En las ocasiones en que debían mantener a Daníel atado en su habitación, a su madre y a su hermano les negaban el acceso pese al largo camino que debían recorrer hasta llegar al hospital. En esos casos, los derivaban a la consulta del médico. Daníel había pasado por un buen número de doctores que, por lo general, no daban excesivas explicaciones. Si Jóhann estaba de turno, solía sentarse con ellos para informarles sobre su estado y darles ánimos. Hacía tiempo que los médicos parecían haber dado el caso de Daníel por perdido.
—Le empezamos a suministrar una nueva medicación hace tres semanas y puede que presente algunos episodios violentos, pero luego remitirán —les había explicado un doctor que había empezado a trabajar hacía pocos meses en el hospital.
—¿Y la medicación de antes? —le había preguntado la madre de Daníel al psiquiatra—. Llevaba un tiempo mucho mejor.
—No tuvo el efecto que esperábamos —obtuvo como respuesta.
—A veces me da la impresión de que usáis a mi Danni como conejillo de Indias para probar vuestros medicamentos.
—¿Cómo puedes decir algo así? En absoluto. Los fármacos cambian continuamente, y te puedo asegurar que siempre tratamos de encontrar el mejor tratamiento posible. El cual no tiene por qué ser el más barato.

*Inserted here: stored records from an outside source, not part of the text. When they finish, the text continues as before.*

lemma central_binomial_fps_eq:
  "central_binomial_fps = fps_binomial (-1/2) oo (fps_const (-4) * fps_X)"
  by (simp add: fps_eq_iff central_binomial_fps_def flip: gbinomial_minus_half_central_binomial)

lemma fps_binomial_add_mult_compose_linear:
  fixes a b c :: "'a::field_char_0"
  shows "fps_binomial (a + b) oo (fps_const c * fps_X) =
    (fps_binomial a oo (fps_const c * fps_X)) * (fps_binomial b oo (fps_const c * fps_X))"
  unfolding fps_binomial_add_mult by (rule fps_compose_mult_distrib) simp

lemma fps_sqrt_one_minus_4X_mult_central_binomial:
  "fps_sqrt_one_minus_4X * central_binomial_fps = (1 :: 'a::field_char_0 fps)"
  using fps_binomial_add_mult_compose_linear [of "1/2 :: 'a" "-1/2" "-4"]
  by (simp add: fps_sqrt_one_minus_4X_def central_binomial_fps_eq)

lemma fps_sqrt_one_minus_4X_square:
  "fps_sqrt_one_minus_4X * fps_sqrt_one_minus_4X = (1 - fps_const 4 * fps_X :: 'a::field_char_0 fps)"
  using fps_binomial_add_mult_compose_linear [of "1/2 :: 'a" "1/2" "-4"]
  by (simp add: fps_sqrt_one_minus_4X_def fps_binomial_1 fps_compose_add_distrib flip: fps_const_neg)

lemma fps_deriv_sqrt_one_minus_4X:
  "fps_deriv fps_sqrt_one_minus_4X = - 2 * (central_binomial_fps :: 'a::field_char_0 fps)"
proof -
  let ?s = "fps_sqrt_one_minus_4X :: 'a fps"
  have "fps_deriv (?s * ?s) = - fps_const 4"
    by (simp only: fps_sqrt_one_minus_4X_square) simp
  then have "fps_deriv ?s * ?s + ?s * fps_deriv ?s = - fps_const 4"
    by simp
  moreover have "fps_const (4 :: 'a) = 2 * 2" and "fps_const (1/2 :: 'a) * 2 = 1"
    by (simp_all add: fps_numeral_fps_const)
  ultimately show ?thesis
    using fps_sqrt_one_minus_4X_mult_central_binomial [where 'a = 'a] by algebra
qed

lemma fps_deriv_central_binomial_fps:
  "(1 - fps_const 4 * fps_X) * fps_deriv central_binomial_fps =
    2 * (central_binomial_fps :: 'a::field_char_0 fps)"
proof -
  let ?s = "fps_sqrt_one_minus_4X :: 'a fps" and ?b = "central_binomial_fps :: 'a fps"
  have "fps_deriv (?s * ?b) = 0"
    by (simp only: fps_sqrt_one_minus_4X_mult_central_binomial) simp
  then have "?s * fps_deriv ?b + fps_deriv ?s * ?b = 0"
    by simp
  then show ?thesis
    unfolding fps_sqrt_one_minus_4X_square [symmetric]
    using fps_sqrt_one_minus_4X_mult_central_binomial [where 'a = 'a]
      fps_deriv_sqrt_one_minus_4X [where 'a = 'a]
    by algebra
qed

lemma catalan_fps_nth_0 [simp]: "catalan_fps $ 0 = 0"
  by (simp add: catalan_fps_def fps_sqrt_one_minus_4X_def)

lemma catalan_fps_square: "catalan_fps * catalan_fps = catalan_fps - (fps_X :: 'a::field_char_0 fps)"
proof -
  have "fps_const (1/2 :: 'a) * 2 = 1" and "fps_const (4 :: 'a) = 2 * 2"
    by (simp_all add: fps_numeral_fps_const)
  then show ?thesis
    unfolding catalan_fps_def using fps_sqrt_one_minus_4X_square [where 'a = 'a] by algebra
qed

lemma fps_deriv_catalan_fps: "fps_deriv catalan_fps = (central_binomial_fps :: 'a::field_char_0 fps)"
  unfolding catalan_fps_def using fps_deriv_sqrt_one_minus_4X [where 'a = 'a] by simp

lemma catalan_fps_nth_Suc:
  "catalan_fps $ Suc n = (of_nat ((2 * n) choose n) / of_nat (Suc n) :: 'a::field_char_0)"
proof -
  have "of_nat (Suc n) * catalan_fps $ Suc n = (central_binomial_fps $ n :: 'a)"
    by (simp only: fps_deriv_catalan_fps [symmetric] fps_deriv_nth Suc_eq_plus1)
  then show ?thesis
    by (simp add: central_binomial_fps_def field_simps del: of_nat_Suc)
qed

lemma catalan_fps_mult_central_binomial:
  "catalan_fps * central_binomial_fps =
    fps_const (1/2) * (central_binomial_fps - 1 :: 'a::field_char_0 fps)"
  using fps_sqrt_one_minus_4X_mult_central_binomial
  by (simp add: catalan_fps_def algebra_simps)

lemma catalan_power_mult_central_binomial_nth:
  "(catalan_fps ^ l * central_binomial_fps) $ k =
    (if l \<le> k then of_nat ((2 * k - l) choose k) else (0 :: 'a::field_char_0))"
proof (induction l arbitrary: k rule: induct_nat_012)
  case 0
  show ?case
    by (simp add: central_binomial_fps_def)
next
  case 1
  show ?case
  proof (cases k)
    case 0
    then show ?thesis
      by (simp add: catalan_fps_mult_central_binomial central_binomial_fps_def)
  next
    case (Suc m)
    have "(2 * m + 1) choose Suc m = (2 * m + 1) choose m"
      using central_binomial_odd[of "2 * m + 1"] by simp
    then have "(of_nat ((2 * Suc m) choose Suc m) :: 'a) = 2 * of_nat ((2 * m + 1) choose Suc m)"
      by simp
    then show ?thesis
      unfolding power_Suc0_right catalan_fps_mult_central_binomial
      using Suc by (simp add: central_binomial_fps_def del: binomial_Suc_Suc)
  qed
next
  case (ge2 l)
  have "catalan_fps ^ Suc (Suc l) * central_binomial_fps =
      catalan_fps ^ l * (catalan_fps * catalan_fps) * (central_binomial_fps :: 'a fps)"
    by (simp add: algebra_simps)
  also have "\<dots> = catalan_fps ^ l * (catalan_fps - fps_X) * central_binomial_fps"
    by (simp only: catalan_fps_square)
  also have "\<dots> = catalan_fps ^ Suc l * central_binomial_fps -
      fps_X * (catalan_fps ^ l * central_binomial_fps)"
    by (simp add: algebra_simps)
  finally have rec: "(catalan_fps ^ Suc (Suc l) * central_binomial_fps) $ k =
      (catalan_fps ^ Suc l * central_binomial_fps) $ k -
      (if k = 0 then 0 else (catalan_fps ^ l * central_binomial_fps :: 'a fps) $ (k - 1))"
    by simp
  show ?case
  proof (cases k)
    case 0
    then show ?thesis
      unfolding rec ge2.IH by simp
  next
    case (Suc m)
    consider "Suc l \<le> m" | "l = m" | "m < l"
      by linarith
    then show ?thesis
    proof cases
      case 1
      then have "2 * k - Suc l = Suc (2 * m - l)" and "2 * k - Suc (Suc l) = 2 * m - l"
        using Suc by simp_all
      then show ?thesis
        unfolding rec ge2.IH using 1 Suc by simp
    next
      case 2
      then have "2 * k - Suc l = k"
        using Suc by simp
      then show ?thesis
        unfolding rec ge2.IH using 2 Suc by simp
    next
      case 3
      then show ?thesis
        unfolding rec ge2.IH using Suc by simp
    qed
  qed
qed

Las medicinas les salen caras al Estado y a los contribuyentes.
—¿Cabe la esperanza de que alguno de esos medicamentos pueda curar a mi hijo?
—La esquizofrenia no tiene cura.
—No lo puedo entender. Un día es el Danni de siempre y al día siguiente comienza a beber y a drogarse. De la noche a la mañana, se volvió un monstruo que ni siquiera reconozco.
Así pasaron los años. Mientras los médicos y las medicinas iban y venían, el cuerpo de Daníel envejecía, se encorvaba y se marchitaba poco a poco como las hojas de un bosque en otoño. Cuando un tratamiento parecía funcionar, renacía y salía de su depresión, pero, tarde o temprano, afloraba de nuevo su comportamiento maniático.
De pequeño, Pálmi había tenido buenas razones para no querer visitar a su hermano. Le aterraban los enfermos y le disgustaba aquel enorme edificio, pero, sobre todo, le daba miedo Danni. Aun así, su madre le había exigido siempre que la acompañara y no le había dado nunca la opción de negarse. En su adolescencia solía detenerse en la puerta del hospital y esperaba a que su madre regresara. Cuando entraba con ella, se refugiaba a su lado y apenas hablaba. A menudo, Daníel no se percataba de su presencia, pero en algunas ocasiones le mostraba un cariño inesperado y le hacía mimos. A Pálmi se le ponían los pelos de punta. No entendía a aquella persona. El miedo hacia su hermano se remontaba a su más tierna infancia. Al día en que Daníel había tratado de matarlo. Al día en que había intentado quemarlo vivo.